The RIN: an RNA integrity number for assigning integrity values to RNA measurements

Andreas Schroeder, Odilo Mueller, Susanne Stocker, Ruediger Salowsky, Michael Leiber, Marcus Gassmann, Samar Lightfoot, Wolfram Menzel, Martin Granzow, Thomas Ragg, Andreas Schroeder, Odilo Mueller, Susanne Stocker, Ruediger Salowsky, Michael Leiber, Marcus Gassmann, Samar Lightfoot, Wolfram Menzel, Martin Granzow, Thomas Ragg

Abstract

Background: The integrity of RNA molecules is of paramount importance for experiments that try to reflect the snapshot of gene expression at the moment of RNA extraction.
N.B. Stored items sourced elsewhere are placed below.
theorem corollary2:
  fixes n :: nat and xi :: "'a::{finite, field}"
  assumes q: "CARD('a) = 2 ^ (4 * n + 2)"
    and xi: "xi^2 + xi + 1 = 0"
  shows "card (Omega_star (2 ^ (2 * n + 1)) xi) = (2 ^ (2 * n + 1) - 1) * (CARD('a) + 1)
       \<and> card (functional_code (Omega_star (2 ^ (2 * n + 1)) xi)) = CARD('a) ^ 5
       \<and> int (min_distance (Omega_star (2 ^ (2 * n + 1)) xi)
                (functional_code (Omega_star (2 ^ (2 * n + 1)) xi)))
           \<ge> int (card (Omega_star (2 ^ (2 * n + 1)) xi))
              - (2 * int CARD('a) + 2 + 20 * 2 ^ (2 * n + 1))"
proof -
  define \<Omega> where "\<Omega> = Omega_star (2 ^ (2 * n + 1)) xi"
  have char: "CHAR('a) = 2"
    using q by (rule CHAR_eq_2_if_card_power_2)
  have q_square: "CARD('a) = 2 ^ (2 * n + 1) * 2 ^ (2 * n + 1)"
    by (simp add: q flip: power_add)
  have aniso: "conic xi 0 = {(0, 0)}"
    using no_root_of_T2_T_xi[OF q xi] by (rule conic_0_eq_if_no_root)
  have "(4::nat) \<le> CARD('a)"
    using q by (simp add: power_add)
  then have "card (conic xi 1) \<ge> 5"
    using card_conic[OF char aniso] by simp
  moreover have "conic xi 1 \<subseteq> \<Omega>"
    unfolding \<Omega>_def Omega_star_eq_Union_conic by (rule UN_upper) (simp add: subfield_of_order_def)
  ultimately have inj: "inj (codeword \<Omega>)"
    by (rule inj_codeword[OF char])
  have "int (card \<Omega>) - 2 * int CARD('a) \<le> int (min_distance \<Omega> (functional_code \<Omega>))"
    using min_distance_functional_code_ge[OF inj] by linarith
  moreover have "(0::int) \<le> 2 ^ (2 * n + 1)"
    by simp
  ultimately show ?thesis
    using card_Omega_star[OF char q_square aniso] card_functional_code[OF inj]
    unfolding \<Omega>_def[symmetric] by linarith
qed

end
Until recently, there has been no reliable standard for estimating the integrity of RNA samples and the ratio of 28S:18S ribosomal RNA, the common measure for this purpose, has been shown to be inconsistent. The advent of microcapillary electrophoretic RNA separation provides the basis for an automated high-throughput approach, in order to estimate the integrity of RNA samples in an unambiguous way.

Methods: A method is introduced that automatically selects features from signal measurements and constructs regression models based on a Bayesian learning technique. Feature spaces of different dimensionality are compared in the Bayesian framework, which allows selecting a final feature combination corresponding to models with high posterior probability.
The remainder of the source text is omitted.